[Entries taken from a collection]
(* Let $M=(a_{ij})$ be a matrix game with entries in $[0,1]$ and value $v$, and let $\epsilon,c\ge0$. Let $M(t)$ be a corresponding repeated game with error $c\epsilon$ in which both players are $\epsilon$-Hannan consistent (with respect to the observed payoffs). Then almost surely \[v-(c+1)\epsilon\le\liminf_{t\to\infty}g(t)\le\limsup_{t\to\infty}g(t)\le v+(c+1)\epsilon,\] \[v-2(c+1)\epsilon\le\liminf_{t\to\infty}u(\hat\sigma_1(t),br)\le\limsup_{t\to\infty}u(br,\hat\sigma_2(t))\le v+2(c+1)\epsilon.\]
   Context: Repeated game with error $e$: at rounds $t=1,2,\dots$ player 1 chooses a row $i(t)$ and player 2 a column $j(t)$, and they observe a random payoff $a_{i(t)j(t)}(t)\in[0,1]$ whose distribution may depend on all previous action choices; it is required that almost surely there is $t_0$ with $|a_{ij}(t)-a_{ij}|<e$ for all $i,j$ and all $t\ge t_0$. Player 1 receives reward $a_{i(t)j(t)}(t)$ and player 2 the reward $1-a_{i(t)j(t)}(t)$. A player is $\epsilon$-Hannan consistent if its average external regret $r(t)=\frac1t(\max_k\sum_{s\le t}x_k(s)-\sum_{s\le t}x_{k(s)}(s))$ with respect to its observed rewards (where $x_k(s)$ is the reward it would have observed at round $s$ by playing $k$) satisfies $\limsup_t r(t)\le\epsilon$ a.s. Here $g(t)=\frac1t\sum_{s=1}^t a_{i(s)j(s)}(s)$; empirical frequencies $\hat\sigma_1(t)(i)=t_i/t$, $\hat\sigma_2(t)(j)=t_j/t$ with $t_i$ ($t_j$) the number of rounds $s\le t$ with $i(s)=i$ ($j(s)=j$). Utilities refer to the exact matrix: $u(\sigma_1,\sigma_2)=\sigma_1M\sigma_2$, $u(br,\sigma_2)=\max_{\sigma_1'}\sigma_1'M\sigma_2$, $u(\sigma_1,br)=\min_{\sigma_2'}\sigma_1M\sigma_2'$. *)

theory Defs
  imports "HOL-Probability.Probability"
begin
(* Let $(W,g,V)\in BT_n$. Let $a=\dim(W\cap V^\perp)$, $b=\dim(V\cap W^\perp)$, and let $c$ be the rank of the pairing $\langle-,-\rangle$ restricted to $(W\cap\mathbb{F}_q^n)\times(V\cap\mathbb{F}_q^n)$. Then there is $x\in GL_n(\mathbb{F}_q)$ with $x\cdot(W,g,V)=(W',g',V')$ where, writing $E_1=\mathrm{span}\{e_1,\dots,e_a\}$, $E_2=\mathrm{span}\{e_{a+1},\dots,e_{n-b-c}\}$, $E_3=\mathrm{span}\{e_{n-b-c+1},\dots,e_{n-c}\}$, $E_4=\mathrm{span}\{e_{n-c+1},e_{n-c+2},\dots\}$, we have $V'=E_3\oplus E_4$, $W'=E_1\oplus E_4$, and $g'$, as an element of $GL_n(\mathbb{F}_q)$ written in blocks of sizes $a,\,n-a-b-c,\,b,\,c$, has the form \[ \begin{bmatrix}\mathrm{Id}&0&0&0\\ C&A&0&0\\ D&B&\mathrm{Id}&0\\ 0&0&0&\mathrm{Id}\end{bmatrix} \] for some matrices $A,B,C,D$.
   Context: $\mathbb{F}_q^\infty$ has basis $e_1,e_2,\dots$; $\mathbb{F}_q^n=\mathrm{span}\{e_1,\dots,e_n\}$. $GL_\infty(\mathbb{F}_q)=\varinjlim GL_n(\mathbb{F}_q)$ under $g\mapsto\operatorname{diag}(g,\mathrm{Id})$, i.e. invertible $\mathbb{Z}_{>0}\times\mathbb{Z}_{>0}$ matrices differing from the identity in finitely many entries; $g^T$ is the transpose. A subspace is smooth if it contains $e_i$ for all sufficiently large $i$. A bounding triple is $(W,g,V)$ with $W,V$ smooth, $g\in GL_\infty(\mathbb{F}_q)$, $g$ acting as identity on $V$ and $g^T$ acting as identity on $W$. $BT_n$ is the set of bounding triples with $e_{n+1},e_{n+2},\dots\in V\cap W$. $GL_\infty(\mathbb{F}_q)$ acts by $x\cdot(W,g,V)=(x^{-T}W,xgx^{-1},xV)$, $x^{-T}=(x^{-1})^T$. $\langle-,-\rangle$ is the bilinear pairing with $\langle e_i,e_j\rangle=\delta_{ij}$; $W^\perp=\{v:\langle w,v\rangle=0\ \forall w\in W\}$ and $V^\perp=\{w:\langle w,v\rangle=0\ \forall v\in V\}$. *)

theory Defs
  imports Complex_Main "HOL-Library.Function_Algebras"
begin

--

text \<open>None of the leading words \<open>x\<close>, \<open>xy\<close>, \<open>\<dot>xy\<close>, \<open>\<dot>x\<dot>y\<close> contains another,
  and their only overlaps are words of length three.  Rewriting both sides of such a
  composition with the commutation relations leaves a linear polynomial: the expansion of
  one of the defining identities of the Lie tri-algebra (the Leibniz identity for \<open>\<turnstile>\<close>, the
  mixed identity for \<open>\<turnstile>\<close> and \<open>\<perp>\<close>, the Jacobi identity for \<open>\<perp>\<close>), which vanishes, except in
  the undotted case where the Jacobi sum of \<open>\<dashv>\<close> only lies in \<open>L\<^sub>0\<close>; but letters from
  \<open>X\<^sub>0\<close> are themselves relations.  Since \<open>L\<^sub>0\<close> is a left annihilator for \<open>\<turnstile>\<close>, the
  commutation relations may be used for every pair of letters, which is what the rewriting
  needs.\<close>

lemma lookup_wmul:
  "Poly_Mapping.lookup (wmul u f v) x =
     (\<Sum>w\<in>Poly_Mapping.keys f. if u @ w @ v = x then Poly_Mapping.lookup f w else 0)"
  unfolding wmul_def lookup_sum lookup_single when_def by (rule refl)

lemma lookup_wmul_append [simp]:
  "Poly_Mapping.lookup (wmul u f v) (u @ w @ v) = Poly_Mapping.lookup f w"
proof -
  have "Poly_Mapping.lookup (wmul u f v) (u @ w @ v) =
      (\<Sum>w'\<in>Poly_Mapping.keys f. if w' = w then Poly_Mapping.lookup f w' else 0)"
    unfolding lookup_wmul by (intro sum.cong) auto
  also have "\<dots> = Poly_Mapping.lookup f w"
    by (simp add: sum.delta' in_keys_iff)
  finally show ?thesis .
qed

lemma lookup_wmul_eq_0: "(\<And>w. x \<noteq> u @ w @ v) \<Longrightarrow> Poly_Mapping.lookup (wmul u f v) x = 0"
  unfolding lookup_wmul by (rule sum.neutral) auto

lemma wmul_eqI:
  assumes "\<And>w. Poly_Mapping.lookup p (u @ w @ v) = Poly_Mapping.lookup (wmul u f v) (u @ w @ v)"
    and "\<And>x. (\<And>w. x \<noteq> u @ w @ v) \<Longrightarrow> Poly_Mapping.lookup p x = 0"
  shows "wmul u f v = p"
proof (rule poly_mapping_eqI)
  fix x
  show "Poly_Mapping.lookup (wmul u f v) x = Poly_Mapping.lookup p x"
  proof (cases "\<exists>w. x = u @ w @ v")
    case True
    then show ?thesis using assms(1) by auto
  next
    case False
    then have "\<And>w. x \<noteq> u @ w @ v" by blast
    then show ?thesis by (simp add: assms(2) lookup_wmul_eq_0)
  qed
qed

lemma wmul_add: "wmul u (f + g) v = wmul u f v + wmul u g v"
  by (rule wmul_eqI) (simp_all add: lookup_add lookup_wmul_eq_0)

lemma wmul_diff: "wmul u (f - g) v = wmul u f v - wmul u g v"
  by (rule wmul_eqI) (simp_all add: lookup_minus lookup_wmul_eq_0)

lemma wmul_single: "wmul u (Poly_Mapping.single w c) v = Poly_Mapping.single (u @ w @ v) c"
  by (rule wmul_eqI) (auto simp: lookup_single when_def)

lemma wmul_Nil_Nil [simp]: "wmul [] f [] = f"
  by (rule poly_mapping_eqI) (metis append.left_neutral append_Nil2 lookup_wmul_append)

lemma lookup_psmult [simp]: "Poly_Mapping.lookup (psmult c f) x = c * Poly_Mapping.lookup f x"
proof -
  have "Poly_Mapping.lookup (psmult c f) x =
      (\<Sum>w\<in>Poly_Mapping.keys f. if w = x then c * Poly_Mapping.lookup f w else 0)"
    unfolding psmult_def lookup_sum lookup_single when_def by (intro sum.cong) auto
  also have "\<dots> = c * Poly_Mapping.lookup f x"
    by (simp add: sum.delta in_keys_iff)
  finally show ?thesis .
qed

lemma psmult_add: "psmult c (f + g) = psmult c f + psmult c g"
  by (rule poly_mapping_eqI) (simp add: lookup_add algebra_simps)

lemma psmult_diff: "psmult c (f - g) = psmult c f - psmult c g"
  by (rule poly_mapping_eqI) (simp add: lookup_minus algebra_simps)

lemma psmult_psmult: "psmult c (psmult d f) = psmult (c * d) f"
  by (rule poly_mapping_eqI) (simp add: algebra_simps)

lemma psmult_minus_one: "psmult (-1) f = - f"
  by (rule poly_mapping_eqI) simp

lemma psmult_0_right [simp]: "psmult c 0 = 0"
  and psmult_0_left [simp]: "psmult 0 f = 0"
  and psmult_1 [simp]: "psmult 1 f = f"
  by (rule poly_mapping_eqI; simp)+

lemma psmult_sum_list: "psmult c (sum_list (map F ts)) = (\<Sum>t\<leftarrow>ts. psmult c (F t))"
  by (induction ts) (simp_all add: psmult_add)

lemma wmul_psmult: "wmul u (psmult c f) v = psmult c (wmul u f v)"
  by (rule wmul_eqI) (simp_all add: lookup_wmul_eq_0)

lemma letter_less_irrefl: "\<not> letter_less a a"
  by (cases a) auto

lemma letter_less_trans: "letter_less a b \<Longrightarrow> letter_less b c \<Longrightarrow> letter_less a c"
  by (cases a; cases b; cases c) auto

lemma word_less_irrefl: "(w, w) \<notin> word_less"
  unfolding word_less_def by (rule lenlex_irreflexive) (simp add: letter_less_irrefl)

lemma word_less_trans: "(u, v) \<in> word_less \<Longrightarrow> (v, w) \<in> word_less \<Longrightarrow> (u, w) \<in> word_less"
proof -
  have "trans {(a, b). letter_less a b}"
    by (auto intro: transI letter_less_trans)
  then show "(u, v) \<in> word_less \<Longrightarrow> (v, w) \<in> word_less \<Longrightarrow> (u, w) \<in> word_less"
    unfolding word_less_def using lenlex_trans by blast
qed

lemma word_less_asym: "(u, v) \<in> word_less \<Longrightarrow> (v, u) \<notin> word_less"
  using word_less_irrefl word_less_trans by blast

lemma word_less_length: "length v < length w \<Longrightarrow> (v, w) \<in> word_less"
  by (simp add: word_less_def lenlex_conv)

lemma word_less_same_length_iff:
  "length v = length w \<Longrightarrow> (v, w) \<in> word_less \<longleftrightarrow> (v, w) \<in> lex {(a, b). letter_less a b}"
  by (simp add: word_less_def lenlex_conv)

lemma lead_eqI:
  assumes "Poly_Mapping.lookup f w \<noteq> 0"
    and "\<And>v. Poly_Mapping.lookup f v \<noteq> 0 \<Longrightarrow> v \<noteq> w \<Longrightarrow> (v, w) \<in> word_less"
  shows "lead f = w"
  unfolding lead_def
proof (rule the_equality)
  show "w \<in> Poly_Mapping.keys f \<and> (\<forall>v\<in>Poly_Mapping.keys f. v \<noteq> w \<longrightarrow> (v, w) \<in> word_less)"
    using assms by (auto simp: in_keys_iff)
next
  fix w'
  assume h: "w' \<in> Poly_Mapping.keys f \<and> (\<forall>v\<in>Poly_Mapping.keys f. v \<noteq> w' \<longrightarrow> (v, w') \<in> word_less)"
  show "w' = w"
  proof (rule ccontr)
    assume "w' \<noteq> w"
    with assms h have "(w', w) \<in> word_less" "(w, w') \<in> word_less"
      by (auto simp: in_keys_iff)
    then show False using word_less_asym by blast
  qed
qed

### EXERCISE DETAILS:
Above are the records. Print exactly, and only, the lines from the line with "by (rule poly_mapping_eqI) simp" to the line with "f w \<noteq>", both inclusive.

### ANSWER SPACE:
  by (rule poly_mapping_eqI) simp

lemma psmult_0_right [simp]: "psmult c 0 = 0"
  and psmult_0_left [simp]: "psmult 0 f = 0"
  and psmult_1 [simp]: "psmult 1 f = f"
  by (rule poly_mapping_eqI; simp)+

lemma psmult_sum_list: "psmult c (sum_list (map F ts)) = (\<Sum>t\<leftarrow>ts. psmult c (F t))"
  by (induction ts) (simp_all add: psmult_add)

lemma wmul_psmult: "wmul u (psmult c f) v = psmult c (wmul u f v)"
  by (rule wmul_eqI) (simp_all add: lookup_wmul_eq_0)

lemma letter_less_irrefl: "\<not> letter_less a a"
  by (cases a) auto

lemma letter_less_trans: "letter_less a b \<Longrightarrow> letter_less b c \<Longrightarrow> letter_less a c"
  by (cases a; cases b; cases c) auto

lemma word_less_irrefl: "(w, w) \<notin> word_less"
  unfolding word_less_def by (rule lenlex_irreflexive) (simp add: letter_less_irrefl)

lemma word_less_trans: "(u, v) \<in> word_less \<Longrightarrow> (v, w) \<in> word_less \<Longrightarrow> (u, w) \<in> word_less"
proof -
  have "trans {(a, b). letter_less a b}"
    by (auto intro: transI letter_less_trans)
  then show "(u, v) \<in> word_less \<Longrightarrow> (v, w) \<in> word_less \<Longrightarrow> (u, w) \<in> word_less"
    unfolding word_less_def using lenlex_trans by blast
qed

lemma word_less_asym: "(u, v) \<in> word_less \<Longrightarrow> (v, u) \<notin> word_less"
  using word_less_irrefl word_less_trans by blast

lemma word_less_length: "length v < length w \<Longrightarrow> (v, w) \<in> word_less"
  by (simp add: word_less_def lenlex_conv)

lemma word_less_same_length_iff:
  "length v = length w \<Longrightarrow> (v, w) \<in> word_less \<longleftrightarrow> (v, w) \<in> lex {(a, b). letter_less a b}"
  by (simp add: word_less_def lenlex_conv)

lemma lead_eqI:
  assumes "Poly_Mapping.lookup f w \<noteq> 0"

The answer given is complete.